4.10    Klager heeft niet, althans onvoldoende gesteld in welk belang hij rechtstreeks is of kan worden getroffen door het handelen van verweerder als bedoeld bij randnummer 2.2. Dat is ook niet gebleken. De voorzitter zal klager in dit klachtonderdeel dan ook kennelijk niet-ontvankelijk verklaren.

4.11    Op grond van het voorgaande zal de voorzitter de klacht dan ook deels (kennelijk) niet-ontvankelijk en deels kennelijk ongegrond verklaren. 

BESLISSING

De voorzitter verklaart:

-    klachtonderdelen a, b en c met toepassing van artikel 46g, eerste lid, onder a, Advocatenwet niet-ontvankelijk;

-    klachtonderdeel d met toepassing van artikel 46j, eerste lid, onder c, Advocatenwet kennelijk ongegrond;

-    het klachtonderdeel zoals weergegeven bij randnummer 2.2 met toepassing van artikel 46j, eerste lid, onder b, Advocatenwet kennelijk niet-ontvankelijk.

Aldus beslist door mr. G.A.F.M. Wouters, plaatsvervangend voorzitter, met bijstand van mr.

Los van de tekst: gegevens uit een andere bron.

text \<open>Two systems of atomic formulas, made to share only the variable 0 by moving the other
  variables of the first to even and those of the second to odd positions (truncated subtraction
  keeps 0 fixed).\<close>

definition merge_vars :: "('r, 'c, 'p) fm list \<Rightarrow> ('r, 'c, 'p) fm list \<Rightarrow> ('r, 'c, 'p) fm list" where
  "merge_vars L1 L2 =
    map (rename_vars (\<lambda>n. 2 * n)) L1 @ map (rename_vars (\<lambda>n. 2 * n - 1)) L2"

lemma atomic_merge_vars: "\<forall>\<phi>\<in>set (merge_vars L1 L2). atomic \<phi>"
  by (auto simp: merge_vars_def)

lemma params_merge_vars:
  assumes "\<forall>\<phi>\<in>set L1 \<union> set L2. atomic \<phi>" and "\<phi>' \<in> set (merge_vars L1 L2)"
  shows "\<exists>\<phi>\<in>set L1 \<union> set L2. params \<phi>' \<subseteq> params \<phi>"
proof -
  obtain f \<phi> where "\<phi> \<in> set L1 \<union> set L2" "\<phi>' = rename_vars f \<phi>"
    using assms(2) unfolding merge_vars_def by auto
  with assms(1) params_rename_vars show ?thesis
    by blast
qed

lemma satisfiable_at_merge_vars:
  assumes "\<forall>\<phi>\<in>set L1 \<union> set L2. atomic \<phi>"
  shows "satisfiable_at N p (merge_vars L1 L2) a \<longleftrightarrow> satisfiable_at N p L1 a \<and> satisfiable_at N p L2 a"
proof -
  define f1 :: "nat \<Rightarrow> nat" where "f1 n = 2 * n" for n
  define f2 :: "nat \<Rightarrow> nat" where "f2 n = 2 * n - 1" for n
  have sat: "(\<forall>\<phi>\<in>set (merge_vars L1 L2). sat N p e \<phi>) \<longleftrightarrow>
      (\<forall>\<phi>\<in>set L1. sat N p (e \<circ> f1) \<phi>) \<and> (\<forall>\<phi>\<in>set L2. sat N p (e \<circ> f2) \<phi>)" for e
    using assms unfolding merge_vars_def f1_def[abs_def] f2_def[abs_def]
    by (simp add: ball_Un sat_rename_vars)
  show ?thesis
  proof
    assume "satisfiable_at N p (merge_vars L1 L2) a"
    then obtain e where "range e \<subseteq> Univ N" "e 0 = a" "\<forall>\<phi>\<in>set (merge_vars L1 L2). sat N p e \<phi>"
      unfolding satisfiable_at_def by blast
    with sat show "satisfiable_at N p L1 a \<and> satisfiable_at N p L2 a"
      unfolding satisfiable_at_def
      by (intro conjI exI[of _ "e \<circ> f1"] exI[of _ "e \<circ> f2"]) (auto simp: f1_def f2_def)
  next
    assume "satisfiable_at N p L1 a \<and> satisfiable_at N p L2 a"
    then obtain e1 e2 where e1: "range e1 \<subseteq> Univ N" "e1 0 = a" "\<forall>\<phi>\<in>set L1. sat N p e1 \<phi>"
      and e2: "range e2 \<subseteq> Univ N" "e2 0 = a" "\<forall>\<phi>\<in>set L2. sat N p e2 \<phi>"
      unfolding satisfiable_at_def by blast
    define e where "e x = (if even x then e1 (x div 2) else e2 ((x + 1) div 2))" for x
    have "e \<circ> f1 = e1"
      by (auto simp: e_def f1_def)
    moreover have "e \<circ> f2 = e2"
    proof
      fix n show "(e \<circ> f2) n = e2 n"
        using e1(2) e2(2) by (cases n) (auto simp: e_def f2_def)
    qed
    moreover have "range e \<subseteq> Univ N"
      using e1(1) e2(1) by (auto simp: e_def)
    moreover have "e 0 = a"
      using e1(2) by (simp add: e_def)
    ultimately show "satisfiable_at N p (merge_vars L1 L2) a"
      unfolding satisfiable_at_def using sat e1(3) e2(3) by metis
  qed
qed

section \<open>Partial maps preserving pp-formulas\<close>

definition graph_apply :: "('x \<times> 'y) set \<Rightarrow> 'x \<Rightarrow> 'y" where
  "graph_apply G x = (THE y. (x, y) \<in> G)"

lemma graph_apply_eq: "single_valued G \<Longrightarrow> (x, y) \<in> G \<Longrightarrow> graph_apply G x = y"
  unfolding graph_apply_def by (rule the_equality) (auto dest: single_valuedD)

lemma graph_apply_mem: "single_valued G \<Longrightarrow> x \<in> Domain G \<Longrightarrow> (x, graph_apply G x) \<in> G"
  using graph_apply_eq by fastforce

text \<open>Equivalently, the partial map G from M^\<omega> to M preserves every pp-formula with
  parameters from its domain.\<close>

definition pp_preserving :: "('r, 'c, 'a) struct \<Rightarrow> ((nat \<Rightarrow> 'a) \<times> 'a) set \<Rightarrow> bool" where
  "pp_preserving M G \<longleftrightarrow>
    (\<forall>L. (\<forall>\<phi>\<in>set L. atomic \<phi> \<and> params \<phi> \<subseteq> Domain G) \<longrightarrow>
      satisfiable (power_omega M) id L \<longrightarrow> satisfiable M (graph_apply G) L)"

lemma Univ_power_omega: "Univ (power_omega M) = {f. \<forall>n. f n \<in> Univ M}"
  by (simp add: power_omega_def)

lemma single_valued_zip:
  fixes as :: "(nat \<Rightarrow> 'a) list" and M :: "('r, 'c, 'a) struct"
  assumes "Univ M \<noteq> {}"
    and transfer: "\<forall>\<phi> :: ('r, 'c, nat) fm. is_pp \<phi> \<longrightarrow> fv \<phi> = {} \<longrightarrow> params \<phi> \<subseteq> {..<length as} \<longrightarrow>
      true_in (power_omega M) (\<lambda>i. as ! i) \<phi> \<longrightarrow> true_in M (\<lambda>i. bs ! i) \<phi>"
  shows "single_valued (set (zip as bs))"
proof (rule single_valuedI)
  fix x y z assume "(x, y) \<in> set (zip as bs)" "(x, z) \<in> set (zip as bs)"
  then obtain i j where ij: "i < length as" "j < length as" "as ! i = x" "as ! j = x"
    "bs ! i = y" "bs ! j = z"
    by (auto simp: set_zip)
  define \<phi> :: "('r, 'c, nat) fm" where "\<phi> = Eq (Par i) (Par j)"
  have "true_in (power_omega M) (\<lambda>i. as ! i) \<phi>"
    using ij by (simp add: \<phi>_def true_in_def)
  then have "true_in M (\<lambda>i. bs ! i) \<phi>"
    using transfer ij(1,2) by (auto simp: \<phi>_def)
  moreover obtain u where "u \<in> Univ M"
    using assms(1) by blast
  ultimately show "y = z"
    using ij by (auto simp: \<phi>_def true_in_def)
qed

N.M. van Trijp als griffier op 17 maart 2016.

Griffier     Voorzitter

Mededelingen van de griffier ter informatie.

Deze beslissing is in afschrift op 17 maart 2016 verzonden aan:

-    klager

-    verweerder

-    de deken van de Orde van Advocaten in het arrondissement Den Haag.

Ingevolge artikelen 46j en 46h van de Advocatenwet kunnen klager, verweerder en de deken van de Orde van Advocaten in het arrondissement Den Haag binnen dertig dagen na verzending van het afschrift van deze beslissing schriftelijk verzet doen bij de Raad van Discipline in het ressort Den Haag, Postbus 85491, 2508 CD Den Haag (fax: 088-2053707). Het verzet wordt ingesteld door middel van indiening van een verzetschrift (in tweevoud), waarin de gronden van het verzet voorzien van een motivering worden omschreven. De termijn van dertig dagen begint op de dag volgend op die van verzending van de beslissing. Uiterlijk op de dertigste dag van die termijn moet het verzetschrift derhalve ontvangen zijn op de griffie van de Raad van Discipline. Verlenging van de termijn van dertig dagen is niet mogelijk.

Informatie ook op raadvandiscipline.nl.